Work task: Starting with the line that contains "U = W0 + W1" and stopping after the line that contains "m points). So", return each line below exactly as written, with no others.

Input data:
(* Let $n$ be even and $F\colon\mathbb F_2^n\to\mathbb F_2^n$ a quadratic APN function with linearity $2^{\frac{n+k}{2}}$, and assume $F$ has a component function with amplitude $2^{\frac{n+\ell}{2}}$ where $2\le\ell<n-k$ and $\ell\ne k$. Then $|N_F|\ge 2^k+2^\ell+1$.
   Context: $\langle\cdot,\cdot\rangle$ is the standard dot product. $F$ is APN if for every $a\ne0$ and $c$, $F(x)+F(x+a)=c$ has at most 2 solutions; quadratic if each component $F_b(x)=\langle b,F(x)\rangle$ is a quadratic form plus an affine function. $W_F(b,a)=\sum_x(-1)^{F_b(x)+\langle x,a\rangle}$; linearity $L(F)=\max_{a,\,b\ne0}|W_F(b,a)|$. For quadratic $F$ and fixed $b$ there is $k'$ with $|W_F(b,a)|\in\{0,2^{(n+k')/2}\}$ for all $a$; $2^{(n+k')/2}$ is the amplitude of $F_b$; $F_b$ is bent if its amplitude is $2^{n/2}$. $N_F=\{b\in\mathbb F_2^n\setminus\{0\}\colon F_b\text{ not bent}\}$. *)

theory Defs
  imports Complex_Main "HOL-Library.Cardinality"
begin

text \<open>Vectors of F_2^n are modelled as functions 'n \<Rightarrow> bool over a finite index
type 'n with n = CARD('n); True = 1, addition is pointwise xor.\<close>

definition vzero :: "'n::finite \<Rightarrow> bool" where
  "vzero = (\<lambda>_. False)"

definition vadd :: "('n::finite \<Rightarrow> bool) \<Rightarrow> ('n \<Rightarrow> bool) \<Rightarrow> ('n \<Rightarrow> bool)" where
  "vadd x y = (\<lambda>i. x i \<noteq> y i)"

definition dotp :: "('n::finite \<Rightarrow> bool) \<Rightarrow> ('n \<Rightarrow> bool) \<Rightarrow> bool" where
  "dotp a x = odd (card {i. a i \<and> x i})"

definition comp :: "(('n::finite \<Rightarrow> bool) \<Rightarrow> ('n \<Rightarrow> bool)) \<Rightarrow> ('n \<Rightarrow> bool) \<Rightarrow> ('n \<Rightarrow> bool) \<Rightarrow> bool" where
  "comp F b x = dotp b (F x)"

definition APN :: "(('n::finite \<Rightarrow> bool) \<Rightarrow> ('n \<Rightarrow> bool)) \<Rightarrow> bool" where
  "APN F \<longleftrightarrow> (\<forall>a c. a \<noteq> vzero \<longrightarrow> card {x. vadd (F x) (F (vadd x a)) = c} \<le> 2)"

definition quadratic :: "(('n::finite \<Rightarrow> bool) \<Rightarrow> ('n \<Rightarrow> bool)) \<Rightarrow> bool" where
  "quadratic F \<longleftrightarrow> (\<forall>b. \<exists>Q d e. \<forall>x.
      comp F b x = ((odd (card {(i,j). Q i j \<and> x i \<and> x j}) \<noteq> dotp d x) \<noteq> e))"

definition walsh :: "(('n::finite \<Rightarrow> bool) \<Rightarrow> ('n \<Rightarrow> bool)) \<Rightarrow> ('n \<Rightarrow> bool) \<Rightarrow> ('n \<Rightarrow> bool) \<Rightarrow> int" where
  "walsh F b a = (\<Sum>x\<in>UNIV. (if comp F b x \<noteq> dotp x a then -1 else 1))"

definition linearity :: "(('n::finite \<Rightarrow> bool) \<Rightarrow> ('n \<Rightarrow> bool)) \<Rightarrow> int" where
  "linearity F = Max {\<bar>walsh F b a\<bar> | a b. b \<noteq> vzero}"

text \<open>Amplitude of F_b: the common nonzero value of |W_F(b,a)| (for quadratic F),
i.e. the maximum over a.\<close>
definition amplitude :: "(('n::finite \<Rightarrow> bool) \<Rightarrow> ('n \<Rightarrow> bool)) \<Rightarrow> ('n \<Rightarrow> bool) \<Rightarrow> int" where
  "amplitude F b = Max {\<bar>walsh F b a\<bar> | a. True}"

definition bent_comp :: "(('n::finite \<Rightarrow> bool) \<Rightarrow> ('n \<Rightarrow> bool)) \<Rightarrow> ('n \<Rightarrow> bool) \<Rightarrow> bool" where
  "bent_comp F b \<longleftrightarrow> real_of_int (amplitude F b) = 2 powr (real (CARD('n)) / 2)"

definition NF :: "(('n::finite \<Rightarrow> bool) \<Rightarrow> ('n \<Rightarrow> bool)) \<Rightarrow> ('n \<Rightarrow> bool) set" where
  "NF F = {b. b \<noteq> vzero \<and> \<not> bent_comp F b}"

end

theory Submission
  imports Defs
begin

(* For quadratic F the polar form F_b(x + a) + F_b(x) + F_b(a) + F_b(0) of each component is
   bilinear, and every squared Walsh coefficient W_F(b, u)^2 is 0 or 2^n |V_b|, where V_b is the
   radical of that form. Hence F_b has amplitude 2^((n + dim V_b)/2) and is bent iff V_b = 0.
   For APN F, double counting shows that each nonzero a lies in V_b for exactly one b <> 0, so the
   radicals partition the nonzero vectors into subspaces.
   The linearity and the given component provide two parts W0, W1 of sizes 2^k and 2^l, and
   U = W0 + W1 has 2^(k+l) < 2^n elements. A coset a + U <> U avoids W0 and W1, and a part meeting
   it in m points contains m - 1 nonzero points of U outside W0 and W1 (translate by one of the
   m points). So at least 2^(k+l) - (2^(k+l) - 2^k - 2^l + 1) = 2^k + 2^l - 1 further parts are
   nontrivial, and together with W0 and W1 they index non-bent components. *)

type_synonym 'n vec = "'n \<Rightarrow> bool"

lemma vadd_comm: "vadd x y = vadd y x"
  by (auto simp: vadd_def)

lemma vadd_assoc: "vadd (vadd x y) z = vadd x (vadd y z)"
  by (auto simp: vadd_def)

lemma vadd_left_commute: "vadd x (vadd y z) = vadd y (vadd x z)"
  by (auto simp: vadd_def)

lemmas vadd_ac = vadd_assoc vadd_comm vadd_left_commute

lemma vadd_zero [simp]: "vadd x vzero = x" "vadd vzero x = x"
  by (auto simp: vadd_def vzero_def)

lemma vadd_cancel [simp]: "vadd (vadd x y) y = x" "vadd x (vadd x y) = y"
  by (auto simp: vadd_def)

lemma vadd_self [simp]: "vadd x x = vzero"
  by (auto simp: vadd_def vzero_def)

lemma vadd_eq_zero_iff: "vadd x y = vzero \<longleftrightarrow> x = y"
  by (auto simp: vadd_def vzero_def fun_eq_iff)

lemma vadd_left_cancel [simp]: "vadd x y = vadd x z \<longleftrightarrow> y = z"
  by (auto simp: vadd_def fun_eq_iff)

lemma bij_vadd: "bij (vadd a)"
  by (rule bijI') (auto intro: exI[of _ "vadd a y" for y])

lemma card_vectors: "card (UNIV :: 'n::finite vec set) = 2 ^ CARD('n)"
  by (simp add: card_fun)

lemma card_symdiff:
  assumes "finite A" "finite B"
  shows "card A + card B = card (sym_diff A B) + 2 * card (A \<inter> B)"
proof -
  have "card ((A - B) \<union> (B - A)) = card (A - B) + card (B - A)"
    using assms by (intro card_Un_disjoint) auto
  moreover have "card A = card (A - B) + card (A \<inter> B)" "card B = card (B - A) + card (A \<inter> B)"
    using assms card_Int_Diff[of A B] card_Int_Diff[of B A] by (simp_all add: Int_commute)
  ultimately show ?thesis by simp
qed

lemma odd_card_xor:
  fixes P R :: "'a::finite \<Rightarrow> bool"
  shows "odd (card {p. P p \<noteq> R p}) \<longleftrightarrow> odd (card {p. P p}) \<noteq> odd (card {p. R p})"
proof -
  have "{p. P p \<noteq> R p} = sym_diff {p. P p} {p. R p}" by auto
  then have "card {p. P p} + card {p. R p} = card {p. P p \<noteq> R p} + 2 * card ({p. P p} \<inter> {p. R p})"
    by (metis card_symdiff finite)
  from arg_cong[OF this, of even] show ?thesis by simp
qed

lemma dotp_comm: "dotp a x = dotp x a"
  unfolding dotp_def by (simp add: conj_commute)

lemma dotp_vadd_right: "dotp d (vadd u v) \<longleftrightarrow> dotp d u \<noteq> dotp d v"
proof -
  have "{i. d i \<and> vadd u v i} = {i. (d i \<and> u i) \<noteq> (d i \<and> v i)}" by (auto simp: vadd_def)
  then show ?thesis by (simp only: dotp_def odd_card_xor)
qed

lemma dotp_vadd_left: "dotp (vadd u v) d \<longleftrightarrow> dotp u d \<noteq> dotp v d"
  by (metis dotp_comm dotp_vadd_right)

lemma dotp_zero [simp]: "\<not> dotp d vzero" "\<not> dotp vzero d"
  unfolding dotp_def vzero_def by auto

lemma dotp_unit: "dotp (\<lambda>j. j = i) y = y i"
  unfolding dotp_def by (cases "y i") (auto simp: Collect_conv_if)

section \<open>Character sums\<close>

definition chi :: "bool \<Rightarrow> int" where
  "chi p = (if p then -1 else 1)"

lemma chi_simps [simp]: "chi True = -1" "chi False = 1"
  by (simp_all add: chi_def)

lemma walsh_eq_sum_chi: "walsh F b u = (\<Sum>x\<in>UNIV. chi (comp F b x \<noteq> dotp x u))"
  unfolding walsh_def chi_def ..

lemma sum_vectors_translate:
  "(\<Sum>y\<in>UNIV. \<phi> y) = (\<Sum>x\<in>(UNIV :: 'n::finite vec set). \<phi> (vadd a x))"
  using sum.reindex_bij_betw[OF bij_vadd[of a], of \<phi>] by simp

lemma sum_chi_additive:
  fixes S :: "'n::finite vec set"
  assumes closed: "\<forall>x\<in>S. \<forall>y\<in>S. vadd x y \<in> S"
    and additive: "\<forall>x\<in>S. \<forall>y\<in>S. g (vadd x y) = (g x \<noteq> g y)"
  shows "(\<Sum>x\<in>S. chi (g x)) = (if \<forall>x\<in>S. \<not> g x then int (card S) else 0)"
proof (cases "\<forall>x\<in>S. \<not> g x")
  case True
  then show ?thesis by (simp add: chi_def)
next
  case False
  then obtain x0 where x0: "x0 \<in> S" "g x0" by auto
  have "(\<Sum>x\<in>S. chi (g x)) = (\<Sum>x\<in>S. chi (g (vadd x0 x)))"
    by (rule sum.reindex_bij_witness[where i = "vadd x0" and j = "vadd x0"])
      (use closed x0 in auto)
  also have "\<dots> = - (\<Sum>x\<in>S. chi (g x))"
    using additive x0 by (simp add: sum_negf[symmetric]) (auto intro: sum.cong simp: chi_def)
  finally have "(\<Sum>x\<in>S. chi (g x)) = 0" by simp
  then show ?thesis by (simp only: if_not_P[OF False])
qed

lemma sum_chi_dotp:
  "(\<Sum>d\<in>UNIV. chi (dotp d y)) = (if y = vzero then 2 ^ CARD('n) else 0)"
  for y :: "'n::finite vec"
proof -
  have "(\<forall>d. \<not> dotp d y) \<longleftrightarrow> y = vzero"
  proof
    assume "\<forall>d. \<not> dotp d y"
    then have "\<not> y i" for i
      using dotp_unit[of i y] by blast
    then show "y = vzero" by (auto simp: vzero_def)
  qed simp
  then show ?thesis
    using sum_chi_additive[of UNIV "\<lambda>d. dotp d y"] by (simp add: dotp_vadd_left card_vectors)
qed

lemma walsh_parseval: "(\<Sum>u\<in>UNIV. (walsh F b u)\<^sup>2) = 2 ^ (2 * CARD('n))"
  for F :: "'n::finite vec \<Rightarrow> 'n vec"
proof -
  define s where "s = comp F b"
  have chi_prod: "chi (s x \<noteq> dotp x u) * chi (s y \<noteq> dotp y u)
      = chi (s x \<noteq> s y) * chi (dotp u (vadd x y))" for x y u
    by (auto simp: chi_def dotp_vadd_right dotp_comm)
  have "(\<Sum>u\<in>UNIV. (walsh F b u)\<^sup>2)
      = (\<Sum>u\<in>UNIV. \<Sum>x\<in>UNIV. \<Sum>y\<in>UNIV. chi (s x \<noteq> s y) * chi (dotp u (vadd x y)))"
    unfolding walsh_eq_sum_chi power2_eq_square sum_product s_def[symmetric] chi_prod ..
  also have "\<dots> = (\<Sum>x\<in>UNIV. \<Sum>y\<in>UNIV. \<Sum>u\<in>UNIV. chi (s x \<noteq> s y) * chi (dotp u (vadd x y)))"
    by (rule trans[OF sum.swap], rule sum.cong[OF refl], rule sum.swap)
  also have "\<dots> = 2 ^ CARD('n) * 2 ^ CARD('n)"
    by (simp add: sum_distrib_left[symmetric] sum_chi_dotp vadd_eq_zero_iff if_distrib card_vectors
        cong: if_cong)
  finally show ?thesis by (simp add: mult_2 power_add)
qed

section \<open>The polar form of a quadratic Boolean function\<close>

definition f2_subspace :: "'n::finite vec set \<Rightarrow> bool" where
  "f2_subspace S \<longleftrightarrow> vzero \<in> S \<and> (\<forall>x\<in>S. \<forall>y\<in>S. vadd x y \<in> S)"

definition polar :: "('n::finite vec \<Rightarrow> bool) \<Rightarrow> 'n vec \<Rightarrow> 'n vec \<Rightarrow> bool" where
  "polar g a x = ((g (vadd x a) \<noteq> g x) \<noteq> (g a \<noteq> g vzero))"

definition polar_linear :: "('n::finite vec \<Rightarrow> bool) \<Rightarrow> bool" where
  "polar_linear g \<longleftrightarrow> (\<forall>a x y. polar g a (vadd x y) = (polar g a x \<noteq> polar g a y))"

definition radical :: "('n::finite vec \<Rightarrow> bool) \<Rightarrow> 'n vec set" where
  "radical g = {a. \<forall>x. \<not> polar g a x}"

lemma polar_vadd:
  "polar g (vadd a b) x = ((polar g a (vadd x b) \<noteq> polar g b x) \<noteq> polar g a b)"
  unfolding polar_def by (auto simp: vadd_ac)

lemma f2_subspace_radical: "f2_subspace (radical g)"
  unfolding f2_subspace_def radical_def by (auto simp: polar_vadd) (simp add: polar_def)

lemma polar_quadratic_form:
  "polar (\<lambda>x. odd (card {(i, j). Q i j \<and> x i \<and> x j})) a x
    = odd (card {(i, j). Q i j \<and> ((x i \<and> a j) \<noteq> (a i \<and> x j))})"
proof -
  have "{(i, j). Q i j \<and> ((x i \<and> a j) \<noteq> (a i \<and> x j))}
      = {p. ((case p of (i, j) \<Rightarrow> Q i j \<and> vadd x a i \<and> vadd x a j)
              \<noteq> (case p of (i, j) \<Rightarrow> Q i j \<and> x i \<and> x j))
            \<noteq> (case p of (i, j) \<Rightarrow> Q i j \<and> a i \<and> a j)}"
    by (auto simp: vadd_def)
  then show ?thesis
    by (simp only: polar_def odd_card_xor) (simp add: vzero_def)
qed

Problem solution:
   U = W0 + W1 has 2^(k+l) < 2^n elements. A coset a + U <> U avoids W0 and W1, and a part meeting
   it in m points contains m - 1 nonzero points of U outside W0 and W1 (translate by one of the
   m points). So at least 2^(k+l) - (2^(k+l) - 2^k - 2^l + 1) = 2^k + 2^l - 1 further parts are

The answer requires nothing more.